Dua puluh dua tahun aku selalu tinggal serumah dengan orangtua. Ketika suami datang melamar, ia memang sudah menyampaikan rencananya untuk sekolah di luar negri. Saat itu, aku masih sesumbar, merasa percaya diri bahwa aku bisa hidup di luar negri tanpa kendala.
Nyatanya, tinggal di luar negri tanpa sanak saudara tidaklah mudah, apalagi aku belum pernah punya pengalaman tinggal terpisah dari orang tua. Ditambah, setahun setelah tinggal di luar negri, lahirlah anak kedua tanpa didampingi sanak saudara ataupun orangtua.
Setelah tiga tahun tinggal di luar negri dengan segala dinamikanya, aku menyadari ada tiga pelajaran kehidupan penting yang aku dapatkan.
1. Meluasnya arti saudara
Dulu, aku menganggap saudara hanyalah orang-orang yang punya hubungan darah dengan orangtuaku. Ketika aku datang ke sini tanpa sanak saudara, nyatanya ada beberapa orang yang begitu dekatnya dengan keluargaku hingga layak untuk dianggap sebagai saudara.

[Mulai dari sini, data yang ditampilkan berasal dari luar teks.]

locale spread_recursion =
  fixes B S :: nat and r a b c :: real and v :: "nat \<Rightarrow> nat \<Rightarrow> real"
  assumes params: "0 < r" "0 \<le> a" "0 \<le> b" "0 \<le> c"
    and v_absorbing: "\<And>k j. B \<le> k \<Longrightarrow> v k j = 0"
    and v_rec: "\<And>k j. k \<le> B \<Longrightarrow> 1 \<le> j \<Longrightarrow> j \<le> S \<Longrightarrow>
      (r + buyer_rate B a c k j + seller_rate S b c k j) * v k j
      = buyer_rate B a c k j * v (Suc k) j + seller_rate S b c k j * v k (Suc j) + c * (real B - real k)"
begin

abbreviation "\<beta> \<equiv> buyer_rate B a c"
abbreviation "\<sigma> \<equiv> seller_rate S b c"
abbreviation "\<rho> k j \<equiv> r + \<beta> k j + \<sigma> k j"
abbreviation "\<Delta>\<^sub>b k j \<equiv> v k j - v (Suc k) j"
abbreviation "\<Delta>\<^sub>s k j \<equiv> v k j - v k (Suc j)"

lemma beta_nonneg: "k \<le> B \<Longrightarrow> 0 \<le> \<beta> k j"
  using params by (intro buyer_rate_nonneg) auto

text \<open>\<open>v k (S + 1)\<close> lies outside the state space; wherever it enters, it is multiplied by
  a factor \<open>S - j\<close> that vanishes at \<open>j = S\<close>.\<close>

lemma sigma_mult_nonneg: "1 \<le> j \<Longrightarrow> j \<le> S \<Longrightarrow> (j < S \<Longrightarrow> 0 \<le> x) \<Longrightarrow> 0 \<le> \<sigma> k j * x"
  using params by (intro seller_rate_mult_nonneg) auto

lemma nonneg_if_rho_mult_nonneg:
  assumes "0 \<le> \<rho> k j * x" "k \<le> B" "1 \<le> j" "j \<le> S"
  shows "0 \<le> x"
proof -
  have "0 < \<rho> k j"
    using beta_nonneg[of k j] sigma_mult_nonneg[of j 1 k] params assms by simp
  then show ?thesis
    using assms(1) by (simp add: zero_le_mult_iff)
qed

lemma gap_b_recursion:
  assumes "k < B" "1 \<le> j" "j \<le> S"
  shows "\<rho> k j * \<Delta>\<^sub>b k j = \<beta> (Suc k) j * \<Delta>\<^sub>b (Suc k) j + \<sigma> k j * \<Delta>\<^sub>b k (Suc j)
    + c * (real S - real j) * \<Delta>\<^sub>s (Suc k) j + c"
  using v_rec[of k j] v_rec[of "Suc k" j] assms
  unfolding buyer_rate_def seller_rate_def by (simp add: algebra_simps)

lemma gap_s_recursion:
  assumes "k < B" "1 \<le> j" "j < S"
  shows "\<rho> k j * \<Delta>\<^sub>s k j = \<beta> k j * \<Delta>\<^sub>s (Suc k) j + \<sigma> k (Suc j) * \<Delta>\<^sub>s k (Suc j)
    + c * (real B - real k) * \<Delta>\<^sub>b k (Suc j)"
  using v_rec[of k j] v_rec[of k "Suc j"] assms
  unfolding buyer_rate_def seller_rate_def by (simp add: algebra_simps)

text \<open>The terms \<open>2 * a\<close> and \<open>2 * b\<close> below come from the constant second differences
  \<open>2 * \<beta> (k + 1) j - \<beta> k j - \<beta> (k + 2) j = 2 * a\<close> and
  \<open>2 * \<sigma> k (j + 1) - \<sigma> k j - \<sigma> k (j + 2) = 2 * b\<close>.\<close>

lemma gap_b_diff_b_recursion:
  assumes "Suc k < B" "1 \<le> j" "j \<le> S"
  shows "\<rho> k j * (\<Delta>\<^sub>b k j - \<Delta>\<^sub>b (Suc k) j)
    = \<beta> (Suc (Suc k)) j * (\<Delta>\<^sub>b (Suc k) j - \<Delta>\<^sub>b (Suc (Suc k)) j)
      + \<sigma> k j * (\<Delta>\<^sub>b k (Suc j) - \<Delta>\<^sub>b (Suc k) (Suc j)) + 2 * a * \<Delta>\<^sub>b (Suc k) j
      + 2 * c * (real S - real j) * (\<Delta>\<^sub>b (Suc k) j - \<Delta>\<^sub>b (Suc k) (Suc j))"
  using v_rec[of k j] v_rec[of "Suc k" j] v_rec[of "Suc (Suc k)" j] assms
  unfolding buyer_rate_def seller_rate_def by (simp add: algebra_simps)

Contohnya, keluarga Pak Agus. Mereka sangat berjasa bagi keluarga kami. Pak Agus tak segan membantu kami saat membeli mobil, hingga menjaga anak pertama kami ketika aku melahirkan anak kedua.
2. Kita hanya sedang bepergian
Bukankah manusia adalah makhluk akhirat yang sedang diturunkan ke bumi dan akan berpulang ke akhirat? Ya, kita semua saat ini sejatinya sedang bepergian. Namun, aku baru benar-benar merasakan hal ini ketika aku pergi dari tanah kelahiran.
Aku merasakan rasa rindu ingin pulang ke tanah air. Meskipun aku akan tinggal lama di luar negri, aku tetap merasa tempat ini bukanlah rumahku. Aku jadi memahami perasaan orang-orang yang beriman. Mereka merasa bahwa tinggal di dunia hanyalah sementara dan seperti orang yang bepergian. Mereka akan pulang dan rindu dengan kampung akhirat.
Satu hal lagi yang berkaitan dengan bepergian. Kita pasti membawa koper perbekalan ketika akan pindah ke suatu tempat. Masalahnya, tidak semua barang bisa kita masukkan ke dalam koper karena keterbatasan ruang. Lalu, sebesar apakah koper yang akan kita bawa saat nanti kita akan pulang ke kampung akhirat? Juga, apakah semuanya berisi amal kebaikan?
3. Semua tempat adalah bumi Allah
Dulu aku merasa bimbang ketika membawa anak-anakku ke negri dengan jumlah populasi muslim tidak sebanyak di Indonesia. Aku khawatir apakah nantinya mereka akan terpengaruh dengan kebudayaan di sini yang jauh dari nilai-nilai Islam.
Kenyataannya, aku bertemu dengan keluarga Islam yang mampu menanamkan nilai Islam dengan baik kepada anak-anaknya. Anak-anak ini, dengan kesadaran sendiri, menjalankan semua perintah agama seperti mengaji Alquran, menggunakan kerudung bagi perempuan, hingga mampu menyajikan ceramah dalam majelis pengajian.
Aku pun menyadari, di manapun aku tinggal, semua tempat ini milik Allah. Kalau aku ingin mencari Allah dan kebesaran-Nya, aku pasti bisa menemukannya di manapun.
Tiga pelajaran kehidupan ini membantuku merasa lebih tenang untuk tinggal di luar kampung halaman.